(* Let $(g,n)\neq(0,1),(0,2)$ with $g\ge0,n\ge1$, and write $\vec P_{g,n}(\mu_1,\ldots,\mu_n)=\sum_{a_1,\ldots,a_n\ge0}C_{g,n}(a_1,\ldots,a_n)\mu_1^{a_1}\cdots\mu_n^{a_n}$ (finite sum). Then, substituting $x_i=\frac{z_i-1}{z_i^2}$, \[ F_{g,n}=\sum_{a_1,\ldots,a_n}C_{g,n}(a_1,\ldots,a_n)\prod_{i=1}^nf_{a_i}(z_i). \] In particular $F_{g,n}$ is (the expansion of) a symmetric rational function of $z_1,\ldots,z_n$ with poles only at $z_i=2$, $i=1,\ldots,n$.
   Context: Monotone Hurwitz numbers $\vec H_{g,n}(\mu_1,\ldots,\mu_n)$: with $|\boldsymbol\mu|=\sum\mu_i$ and $m=2g-2+n+|\boldsymbol\mu|$, it is $\frac{1}{|\boldsymbol\mu|!}$ times the number of $m$-tuples of transpositions $(\sigma_1,\ldots,\sigma_m)$ in $S_{|\boldsymbol\mu|}$, with a labelling of the cycles of $\sigma_1\circ\cdots\circ\sigma_m$ by $1,\ldots,n$ so that cycle $i$ has length $\mu_i$, such that the $\sigma_j$ generate a transitive subgroup and, writing $\sigma_j=(a_j\,b_j)$ with $a_j<b_j$, $b_1\le\cdots\le b_m$. Free energy $F_{g,n}(x_1,\ldots,x_n)=\sum_{\mu_i\ge1}\vec H_{g,n}(\boldsymbol\mu)\prod x_i^{\mu_i}$. Known polynomiality (Goulden–Guay-Paquet–Novak): $\vec H_{g,n}(\boldsymbol\mu)=\prod_i\binom{2\mu_i}{\mu_i}\cdot\vec P_{g,n}(\boldsymbol\mu)$ where, for $(g,n)\neq(0,1),(0,2)$, $\vec P_{g,n}$ is a symmetric polynomial with rational coefficients of degree $3g-3+n$. The variables are related by $x=\frac{z-1}{z^2}$ with $z=\frac{1-\sqrt{1-4x}}{2x}$ (so $z=1$ at $x=0$). Auxiliary functions: $f_a(z)=\sum_{\mu\ge1}\binom{2\mu}{\mu}\mu^ax^\mu=\big(-\frac{z(z-1)}{z-2}\frac{\partial}{\partial z}\big)^a\frac{2-2z}{z-2}$. *)

theory Defs
  imports "HOL-Analysis.Analysis" "HOL-Combinatorics.Transposition" "HOL-Library.FuncSet"
begin

text \<open>Permutations of the ground set {0..<d} are represented as functions nat => nat
  (fixing everything outside {0..<d}). A transposition (a b) with a < b is the pair (a,b).\<close>

definition transp_of :: "nat \<times> nat \<Rightarrow> nat \<Rightarrow> nat" where
  "transp_of t = Transposition.transpose (fst t) (snd t)"

definition transp_prod :: "(nat \<times> nat) list \<Rightarrow> nat \<Rightarrow> nat" where
  "transp_prod ts = foldr (\<circ>) (map transp_of ts) id"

#### [Exercise description]
Search the entries for the line holding "t = Transposition.transpose". Return that line and the ones after it through the last, exactly.

#### [Written solution]
  "transp_of t = Transposition.transpose (fst t) (snd t)"

definition transp_prod :: "(nat \<times> nat) list \<Rightarrow> nat \<Rightarrow> nat" where
  "transp_prod ts = foldr (\<circ>) (map transp_of ts) id"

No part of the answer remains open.